Even though the DPDPA does not contain a private right of action, a company may be liable for non-compliance and payment of penalty (which may extend up to Rs. 250 crores)  depending on the nature of breach and its gravity. It is pertinent to note that the process of litigation and appellate procedure, as provided under the DPDPA, may take longer and there is a high risk of reputation loss. To avoid heavy penalties and reputation loss or business loss, a company must implement DPDPA for protecting personal data of its employees and customers/clients. The company must also protect its own rights while entering contractual arrangements with other organisations as not incorporating specific clauses pertaining to data protection in the contract, may jeopardise the business interest or reputation of the Company.

Way forward:

The author feels that even though the DPDPA provides a comprehensive framework for data protection, it does not address the following:

  1. Storage of personal data by the company/ Data Fiduciary for limited time.
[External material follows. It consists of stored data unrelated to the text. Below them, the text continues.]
lemma sum_squares_le_diff_comb_squares:
  fixes p q c x1 x2 :: real
  assumes "p + q = 1" and "c > 0"
  shows "min 1 c * (x1^2 + x2^2) \<le> (2 * p^2 + 2 * q^2 + 4) * ((x1 - x2)^2 + c * (p * x1 + q * x2)^2)"
proof -
  define t where "t = x1 - x2"
  define y where "y = p * x1 + q * x2"
  define K where "K = 2 * p^2 + 2 * q^2 + 4"
  have x: "x1 = y + q * t" "x2 = y - p * t"
    using assms(1) by (simp_all add: t_def y_def algebra_simps flip: distrib_right)
  have "(y + q * t)^2 \<le> 2 * y^2 + 2 * q^2 * t^2"
    using zero_le_square[of "y - q * t"] by (simp add: power2_eq_square algebra_simps)
  moreover have "(y - p * t)^2 \<le> 2 * y^2 + 2 * p^2 * t^2"
    using zero_le_square[of "y + p * t"] by (simp add: power2_eq_square algebra_simps)
  moreover have "K * (t^2 + y^2)
      = (2 * y^2 + 2 * q^2 * t^2) + (2 * y^2 + 2 * p^2 * t^2) + 2 * (p * y)^2 + 2 * (q * y)^2 + 4 * t^2"
    by (simp add: K_def power2_eq_square algebra_simps)
  moreover have "0 \<le> 2 * (p * y)^2 + 2 * (q * y)^2 + 4 * t^2" by simp
  ultimately have "x1^2 + x2^2 \<le> K * (t^2 + y^2)" unfolding x by linarith
  then have "min 1 c * (x1^2 + x2^2) \<le> min 1 c * (K * (t^2 + y^2))"
    using \<open>c > 0\<close> by (intro mult_left_mono) auto
  also have "\<dots> = K * (min 1 c * t^2 + min 1 c * y^2)"
    by (simp add: algebra_simps)
  also have "\<dots> \<le> K * (t^2 + c * y^2)"
    using mult_right_mono[of "min 1 c" 1 "t^2"] mult_right_mono[of "min 1 c" c "y^2"]
    unfolding K_def by (intro mult_left_mono add_mono) auto
  finally show ?thesis by (simp add: K_def t_def y_def)
qed

lemma inner_real2: "x \<bullet> x = x$1^2 + x$2^2" for x :: "real^2"
  by (simp add: inner_vec_def sum_2 power2_eq_square)
lemma gram_diagonal_orthoproj_partners:
  assumes g: "orthonormal_on g G" "finite G" "card G = n" and f: "orthonormal_on f {1..n}"
    and diag: "gram_diagonal (orthoproj g G) f {1..n} \<mu>"
  obtains v where "orthonormal_on v {1..n}" "v ` {1..n} \<subseteq> span (g ` G)"
    "\<And>a. a \<in> {1..n} \<Longrightarrow> f a \<bullet> v a = sqrt (\<mu> a)"
proof -
  let ?P = "orthoproj g G"
  note \<mu> = gram_diagonal_orthoproj_range[OF g(1,2) f diag]
  \<comment> \<open>Normalise the nonzero projections and complete them to an orthonormal basis.\<close>
  define Pos where "Pos = {a \<in> {1..n}. 0 < \<mu> a}"
  define b where "b a = ?P (f a) /\<^sub>R sqrt (\<mu> a)" for a
  have "orthonormal_on b Pos"
    using diag by (auto simp: orthonormal_on_def gram_diagonal_def b_def Pos_def) (simp add: field_simps)
  moreover have "b ` Pos \<subseteq> span (g ` G)" unfolding b_def by (auto intro: span_scale orthoproj_in_span)
  moreover have "finite Pos" by (simp add: Pos_def)
  moreover have Pos_un: "Pos \<union> ({1..n} - Pos) = {1..n}" by (auto simp: Pos_def)
  moreover have "card (Pos \<union> ({1..n} - Pos)) \<le> card G" unfolding Pos_un g(3) by simp
  ultimately obtain v where "orthonormal_on v (Pos \<union> ({1..n} - Pos))"
    "v ` (Pos \<union> ({1..n} - Pos)) \<subseteq> span (g ` G)" and v_Pos: "\<And>a. a \<in> Pos \<Longrightarrow> v a = b a"
    using orthonormal_on_extend[OF g(1,2), of b Pos "{1..n} - Pos"] by blast
  then have v: "orthonormal_on v {1..n}" "v ` {1..n} \<subseteq> span (g ` G)" unfolding Pos_un by auto
  have "f a \<bullet> v a = sqrt (\<mu> a)" if a: "a \<in> {1..n}" for a
  proof -
    have "v a \<in> span (g ` G)" using v(2) a by auto
    then have "f a \<bullet> v a = ?P (f a) \<bullet> v a" by (simp add: orthoproj_inner_span[OF g(1,2)])
    also have "\<dots> = sqrt (\<mu> a)"
    proof (cases "a \<in> Pos")
      case True
      then have "?P (f a) \<bullet> v a = \<mu> a / sqrt (\<mu> a)"
        using v_Pos \<mu>(1)[OF a] by (simp add: b_def power2_norm_eq_inner divide_inverse mult.commute)
      then show ?thesis using \<mu>(2)[OF a] by (simp add: real_div_sqrt)
    next
      case False
      then show ?thesis using \<mu>(1-2)[OF a] a by (simp add: Pos_def)
    qed
    finally show ?thesis .
  qed
  with v show thesis by (rule that)
qed

lemma gram_diagonal_orthoproj_inner_le:
  assumes g: "orthonormal_on g G" "finite G" and f: "orthonormal_on f {1..n}"
    and diag: "gram_diagonal (orthoproj g G) f {1..n} \<mu>" and \<mu>: "antimono_on {1..n} \<mu>"
    and j: "j \<in> {1..n}"
    and x: "x \<in> span (f ` {1..n})" "norm x = 1" "\<And>i. i \<in> {1..<j} \<Longrightarrow> x \<bullet> f i = 0"
    and y: "y \<in> span (g ` G)" "norm y = 1"
  shows "\<bar>x \<bullet> y\<bar> \<le> sqrt (\<mu> j)"
proof -
  let ?P = "orthoproj g G"
  have "(norm (?P x))\<^sup>2 \<le> \<mu> j"
    using gram_diagonal_norm_le[OF linear_orthoproj f diag \<mu> j x(1,3)] x(2) by simp
  then have "norm (?P x) \<le> sqrt (\<mu> j)" by (simp add: real_le_rsqrt)
  moreover have "\<bar>x \<bullet> y\<bar> = \<bar>?P x \<bullet> y\<bar>" using orthoproj_inner_span[OF g y(1)] by simp
  moreover have "\<bar>?P x \<bullet> y\<bar> \<le> norm (?P x)" using Cauchy_Schwarz_ineq2[of "?P x" y] y(2) by simp
  ultimately show ?thesis by linarith
qed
Additionally, unlike GDPR, there is no reference to the responsibility of a company to maintain a record of processing. Including these measures will help in maintaining transparency. 
     
  2. The DPDPA does not differentiate between sensitive personal data/information and personal data. There should be a specific reference to the same for further clarity and mitigating the risks of data breach. Also, unlike the GDPR, the DPDPA does not include the concepts of “pseudonymization” and “anonymization” of personal data.
     
  3. Legitimate uses do not cover processing for the purpose of performance of contract unless the contract specifically bars such processing.
     
  4. There is no specific transfer mechanism provided in the DPDPA for cross border transfer of personal data.
     
  5. There is no specific liability/penalty prescribed for data processors. The responsibility to ensure that the data processors are processing within limits prescribed by the DPDPA, is on the Company.
     
  6. The definition of data must be more elaborate. This is also important as the DPDPA provides for amendment of the Right to Information Act, 2005 (“RTI”) according to which any information relating to personal information will not be disclosed to an RTI applicant.

The above issues need to be clarified by way of an amendment or notification.